Апломб, с которым он говорит о «своих людях», заставляет Хьюго поморщиться.
— Безопасность британских подданных интересует меня прежде всего.
Монтана не смеётся, хотя этого можно было ожидать.
— Вы полагаете, что мы, представители побеждённой страны, приверженцы поверженных идей, беглецы от тех, кого недавно гнали сами, способны представлять угрозу для вашей державы? — издёвка прорывается только в последнем слове.
— Мне известен начальный этап и конечные цели ваших опытов, — говорит Хьюго. — Поэтому отдельным пунктом оговаривается безопасность организации «Хеллсинг».
— Вы считаете, мы представляем угрозу для… вашего друга Артура?
— Сейчас — нет. Но у меня есть основания предполагать, что через двадцать лет это станет вполне вероятным.
— Если вам хочется так думать, — улыбается Монтана. — Заметьте, предложение у вас по сути одно, а просьб ко мне две. Полагаю, я вполне имею право выдвинуть встречную.
— Это вполне разумно, — кивает Хьюго.
— И по-джентльменски, хотите вы сказать. Итак, моя просьба — практически пустяк. Я хочу, чтобы основное оружие семьи Хеллсингов, называющее себя вампиром Алукардом, было изолировано от внешнего мира.
— Это невозможно, — быстро говорит Хьюго.
— Почему же? — наигранно изумляется Монтана. — Говорят, что если хочешь мира, первым делом следует закопать топор войны.

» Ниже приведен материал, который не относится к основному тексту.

(* In any execution of $\mathtt{search}(\mathcal{G},T)$ (defined in the context), let $\mathcal{G}'$ be the current subgame with top priority $p$, $\alpha\equiv p\pmod 2$, and let $(Z,\sigma)=\mathit{TAttr}^{\mathcal{G}',T'}_\alpha(\mathrm{pr}^{-1}(p)\cap V')$ be the computed region and strategy. Then every play in $\mathcal{G}'$ that is consistent with $\sigma$ and stays in $Z$ forever is won by player $\alpha$.
   Context: Parity games: $\mathcal{G}=(V_0,V_1,E,\mathrm{pr})$, $V=V_0\cup V_1$ finite, partitioned into vertices of Even ($0$) and Odd ($1$); $E\subseteq V\times V$ with every vertex having a successor; $\mathrm{pr}:V\to\{0,\dots,d\}$. $E(u)=\{v:(u,v)\in E\}$, $\mathrm{pr}(U)=\max_{u\in U}\mathrm{pr}(u)$, $\mathrm{pr}^{-1}(p)$ the set of vertices of priority $p$, $\overline{\alpha}=1-\alpha$. A play (infinite path) is won by Even iff the highest priority occurring infinitely often is even; a cycle is won by $\alpha$ if its highest priority has parity $\alpha$. A strategy of $\alpha$ is a partial function $\sigma$ on $V_\alpha$ with $\sigma(v)\in E(v)$; a play is consistent with $\sigma$ if every vertex $v\in\mathrm{dom}(\sigma)$ on it is followed by $\sigma(v)$. For $U\subseteq V$, $\mathcal{G}\cap U$ is the subgame with vertices $V\cap U$ and edges $E\cap(U\times U)$, and $\mathcal{G}\setminus U=\mathcal{G}\cap(V\setminus U)$. A $p$-tangle is a nonempty $U\subseteq V$ with $p=\mathrm{pr}(U)$ such that for $\alpha\equiv p\pmod 2$ there is a strategy $\sigma:U\cap V_\alpha\to U$ (witness strategy $\sigma_T(U)$) with $(U,E\cap(\sigma\cup((U\cap V_{\overline{\alpha}})\times U)))$ strongly connected and all its cycles won by $\alpha$ ("won by $\alpha$"). For a tangle $t$ won by $\alpha$ in a game with edge set $E$, $E_T(t)=\{v\notin t:\exists u\in t\cap V_{\overline{\alpha}},(u,v)\in E\}$. $T_\alpha$ denotes the tangles of $T$ won by $\alpha$; for a subgame $\mathcal{G}'$, $T\cap\mathcal{G}'$ denotes the tangles of $T$ contained in its vertex set. Tangle attractor: for a game $\mathcal{G}$ with vertices $V$, tangles $T$, player $\alpha$ and $A\subseteq V$, $\mathit{TAttr}^{\mathcal{G},T}_\alpha(A)$ is the least $Z\supseteq A$ containing every $v\in V_\alpha$ with $E(v)\cap Z\neq\emptyset$, every $v\in V_{\overline{\alpha}}$ with $E(v)\subseteq Z$, and every vertex of every $t\in T_\alpha$ with $\emptyset\neq E_T(t)\subseteq Z$ ($E_T$ computed in $\mathcal{G}$). It is computed iteratively together with a strategy $\sigma$ of $\alpha$ (initially empty): when an $\alpha$-vertex is added individually, $\sigma$ maps it to a successor already in $Z$; each $\alpha$-vertex of $A$ gets as $\sigma$-value a successor in $Z$ once one exists; when the vertices of a tangle $t$ are added, $\sigma(u):=\sigma_T(t)(u)$ for every $\alpha$-vertex $u\in t$ not yet in $\mathrm{dom}(\sigma)$. extract-tangles$(Z,\sigma)$, for a subgame $\mathcal{G}'=(V',E')$ with top priority $p$, $\alpha\equiv p$, region $Z\subseteq V'$ and strategy $\sigma$: let $Y$ be the greatest $X\subseteq Z$ such that every $v\in X\cap V_{\overline{\alpha}}$ has $E'(v)\subseteq X$ and every $v\in X\cap V_\alpha$ has $\sigma(v)\in X$; let $H$ be the graph on $Y$ with edges $(v,\sigma(v))$ for $v\in Y\cap V_\alpha$ and $(v,w)\in E'$ for $v\in Y\cap V_{\overline{\alpha}}$; return all bottom strongly connected components of $H$ that contain at least one edge of $H$, each with witness strategy $\sigma$ restricted to it. $\mathtt{search}(\mathcal{G},T)$ (with $T$ a set of tangles of $\mathcal{G}$): repeat forever: set $r:=\emptyset$ (a partial function $V\to\mathbb{N}$, the region function) and $Y:=\emptyset$; while $V\setminus\mathrm{dom}(r)\neq\emptyset$: let $\mathcal{G}':=\mathcal{G}\setminus\mathrm{dom}(r)$ with vertex set $V'$, $T':=T\cap\mathcal{G}'$, $p:=\mathrm{pr}(\mathcal{G}')$, $\alpha:=p\bmod 2$; compute $(Z,\sigma):=\mathit{TAttr}^{\mathcal{G}',T'}_\alpha(\mathrm{pr}^{-1}(p)\cap V')$ (the region of priority $p$); let $A:=$ extract-tangles$(Z,\sigma)$; if some $t\in A$ has $E_T(t)=\emptyset$ with $E_T$ computed in the full game $\mathcal{G}$, return $(T\cup Y,t)$; otherwise set $r(v):=p$ for all $v\in Z$ and $Y:=Y\cup A$. After the while-loop, set $T:=T\cup Y$. *)

theory Defs
  imports Main
begin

Хьюго берёт новую сигарету и глубоко затягивается. Через сизый дым видно, как ярко сияют окружающие его алые точки в тёмном душном воздухе.
— Я назвал вам срок в двадцать лет. Если по истечении его у меня не будет причин считать, что вы не выполняете свою сторону договора, вампир Алукард будет заперт и послужит гарантом нашего соглашения.
— Разумно, — медленно произносит Монтана. — Весьма разумно. Я принимаю ваши условия.
Сигарета обжигает Хьюго пальцы.
— Не смею больше отнимать ваше время, — коротко говорит он и встаёт. — Полагаю, мы без труда найдём способ связаться друг с другом.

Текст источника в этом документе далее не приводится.